French for France vs. French for Canada

May 26, 2016

Translators need to be careful when working with languages used in different countries and cultures. The French language is used in 29 countries, including Canada. According to a demographic report by the Université Laval and the Réseau Démographie de l'Agence universitaire de la francophonie, French speakers will account for approximately 500 million people in 2025 and 650 million people by 2050. Depending on the location, lifestyle and social status, French is spoken and used differently.


As a Canadian professional in the localization industry, I grew up learning French in the Middle East, lived in the French side of Switzerland, in the capital of Canada, and spent a lot of time in Paris. I have come to find that some knowledge of the French language is very important when traveling in French speaking countries. In this blog I will explain the difference between Canadian French and Parisian French.


gpi-french differences-home


To understand why one language can be spoken differently, one must study the history of the regions it comes from. In the 17th century, French explorers arrived in North America and formed two French speaking colonies: Acadia, which is now called Nova Scotia, and New France, which is now Québec. When they settled in New France they brought with them the classical French language. In 1780, the British came in to rule this new world and in turn isolated the French colonies in Canada. This is why European French continued to develop in European countries, while Canadian French stayed in its 17th century form. Here are some 17th century phrases that are still being used today in Canada:


European French                             Canadian French                              English Translation

parce que                                        À cause que                                     because

faire du shopping                             magasiner                                        to go shopping


Later, the increase in industrialization caused an interaction between Canada and the United States and business was handled in English. This transition forced French speaking Canadians to adopt some English words into their vocabulary.

Written French

When I lived in Ottawa, I was exposed to French on a daily basis yet I barely used it, it got worse when I moved to Toronto where I only spoke English. The difference in written French in Canada is found in the grammar.  For example, in France many professions have the feminine form, in Québec professions are written universally. Such as:


European French                             Canadian French                              English Translation

une chercheur                                   un chercheuse                               a researcher

Spoken French

In Canada, the dialect is very distinct and any French speaker could easily identify the difference. Canadian French is informal and this is generally noticeable in the pronunciation. The usage of idioms, grammar, words, cultural references and expressions is what makes Canadian French stand out to the European speaker.

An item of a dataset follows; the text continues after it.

(* Let $S$ be a finite semigroup, let $*:S\to S$ be an anti-involution of $S$, let $R$ be a commutative ring with $1$, and let $\alpha:S\times S\to R$ be a twisting. Assume: (A1) $\alpha(x,y)=\alpha(y^*,x^* )$ for all $x,y\in S$. (A2) For each $\mathcal D$-class $D$ of $S$ there is an idempotent $1_D\in D$ with $1_D^*=1_D$. Let $L_D$ be the $\mathcal L$-class of $1_D$, let $L_D^*=\{x^*\mid x\in L_D\}$ (this is the $\mathcal R$-class of $1_D$), and let $G_D=L_D\cap L_D^*$ (the $\mathcal H$-class of $1_D$, a group, mapped to itself by $*$). (A3) For each $\mathcal D$-class $D$ there is a map $\beta_D:L_D\times L_D^*\to G(R)$, where $G(R)$ is the group of units of $R$, such that $\beta_D(x,y)\beta_D(xy,z)=\beta_D(x,yz)\beta_D(y,z)$, $\alpha(x,y)\beta_D(xy,z)=\alpha(x,yz)\beta_D(y,z)$, and $\beta_D(x,y)=\beta_D(y^*,x^* )$, for all $x,y,z\in S$ for which every value of $\beta_D$ occurring in the respective identity has its arguments in $L_D\times L_D^*$. (A4) For each $\mathcal D$-class $D$, the twisted group algebra $R^{\beta_D}[G_D]$ (with twisting the restriction of $\beta_D$ to $G_D\times G_D$) is cellular with cell datum $(\Lambda_D,M_D,C,* )$, where $*$ here denotes the $R$-linear extension of $*|_{G_D}$ to $R^{\beta_D}[G_D]$. Write each cellular basis element of $R^{\beta_D}[G_D]$ as $C^\lambda_{st}=\sum_{g\in G_D}c^\lambda_{st}(g)\,g$ with $c^\lambda_{st}(g)\in R$. Let $\mathcal D$ denote the set of $\mathcal D$-classes of $S$ and, for $D\in\mathcal D$, let $\mathcal L_D$ be the set of $\mathcal L$-classes contained in $D$. Let $\Lambda=\{(D,\lambda)\mid D\in\mathcal D,\ \lambda\in\Lambda_D\}$, partially ordered by $(D_1,\lambda_1)\le(D_2,\lambda_2)$ iff $D_1<_{\mathcal D}D_2$, or $D_1=D_2$ and $\lambda_1\le\lambda_2$ in $\Lambda_{D_1}$. For $(D,\lambda)\in\Lambda$ let $M(D,\lambda)=\mathcal L_D\times M_D(\lambda)$. For each $L\in\mathcal L_D$ choose any $u_L\in L$ with $u_L\,\mathcal R\,1_D$, and for $(L,s),(K,t)\in M(D,\lambda)$ define \[C^{(D,\lambda)}_{(L,s)(K,t)}=\sum_{g\in G_D}c^\lambda_{st}(g)\,\beta_D(u_L^*,g)\,\beta_D(u_L^*g,u_K)\,(u_L^*gu_K)\in R^\alpha[S].\] Then $R^\alpha[S]$ is a cellular algebra with cell datum $(\Lambda,M,C,* )$, where $*$ is the $R$-linear extension of $*$ to $R^\alpha[S]$.
   Context: Green's relations on a semigroup $S$ (with $S^1$ the monoid obtained by adjoining an identity): $x\le_{\mathcal R}y$ iff $x\in yS^1$; $x\le_{\mathcal L}y$ iff $x\in S^1y$; $x\le_{\mathcal J}y$ iff $x\in S^1yS^1$; $\mathcal R,\mathcal L,\mathcal J$ are the equivalences $\le\cap\ge$ of these preorders; $\mathcal H=\mathcal R\cap\mathcal L$; $\mathcal D$ is the equivalence relation generated by $\mathcal R\cup\mathcal L$. For finite $S$, $\mathcal D=\mathcal J$, so $\le_{\mathcal J}$ induces a partial order $\le_{\mathcal D}$ on the set of $\mathcal D$-classes; $D_1<_{\mathcal D}D_2$ means $D_1\le_{\mathcal D}D_2$ and $D_1\ne D_2$. An anti-involution of $S$ is a map $*:S\to S$ with $(x^* )^*=x$ and $(xy)^*=y^*x^*$. A twisting from $S$ into $R$ is a map $\alpha:S\times S\to R$ with $\alpha(x,y)\alpha(xy,z)=\alpha(x,yz)\alpha(y,z)$ for all $x,y,z$; the twisted semigroup algebra $R^\alpha[S]$ is the free $R$-module with basis $S$ and product $x\cdot y=\alpha(x,y)(xy)$ extended bilinearly (associative). By (A1), $*$ extends $R$-linearly to an anti-involution of $R^\alpha[S]$; similarly for $R^{\beta_D}[G_D]$. An anti-involution of an $R$-algebra $A$ is an $R$-linear map $*$ with $(a^* )^*=a$ and $(ab)^*=b^*a^*$. An $R$-algebra $A$ is cellular with cell datum $(\Lambda,M,C,* )$ if: (C1) $\Lambda$ is a finite poset, for each $\lambda\in\Lambda$ there is a finite set $M(\lambda)$ and elements $C^\lambda_{st}\in A$ ($s,t\in M(\lambda)$), and $\{C^\lambda_{st}\}$ is an $R$-basis of $A$; (C2) $*$ is an anti-involution of $A$ with $(C^\lambda_{st})^*=C^\lambda_{ts}$; (C3) for all $\lambda$, $s\in M(\lambda)$, $a\in A$ there exist $r_a(s',s)\in R$ ($s'\in M(\lambda)$) such that for every $t\in M(\lambda)$, $aC^\lambda_{st}\in\sum_{s'}r_a(s',s)C^\lambda_{s't}+A(<\lambda)$, where $A(<\lambda)$ is the $R$-span of all $C^\mu_{s''t''}$ with $\mu<\lambda$. *)

theory Defs
  imports Main
begin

Most Canadians are exposed to English as it is bordered by the U.S., and English influenced the way French is spoken through the grammar and terminology used as you can tell from some of these expressions:


European French                             Canadian French                              English Translation

aller se promener                            prendre une marche                         to take a walk

une boisson                                    un breuvage                                     a drink/beverage


While Canada tends to be influenced by the English language; European French tends to accept English words such as:


European French                             Canadian French                              English Translation

parking                                            stationnement                                 parking

e-mail or mél                                   courriel                                            e-mail

chatter                                            clavarder                                          to chat


When focusing on Canada as a target audience, an understanding of the locations French is being used is essential. For example, other than the use of Anglicism, some Canadian words are taken from indigenous languages such as:


European French                             Canadian French                              English Translation

les sandales                                     les babiches                                     sandals

un tabac                                          une tabagie                                     corner store


As any other language, translation services should always consider the area and culture they are targeting to avoid misunderstandings and issues with the target audience. An example of a common issue that can arise is found in restaurant menus. The word 'dinner' is 'dîner' in France, but in Canada, it means 'lunch' and their dinner is 'souper', this may confuse some tourists.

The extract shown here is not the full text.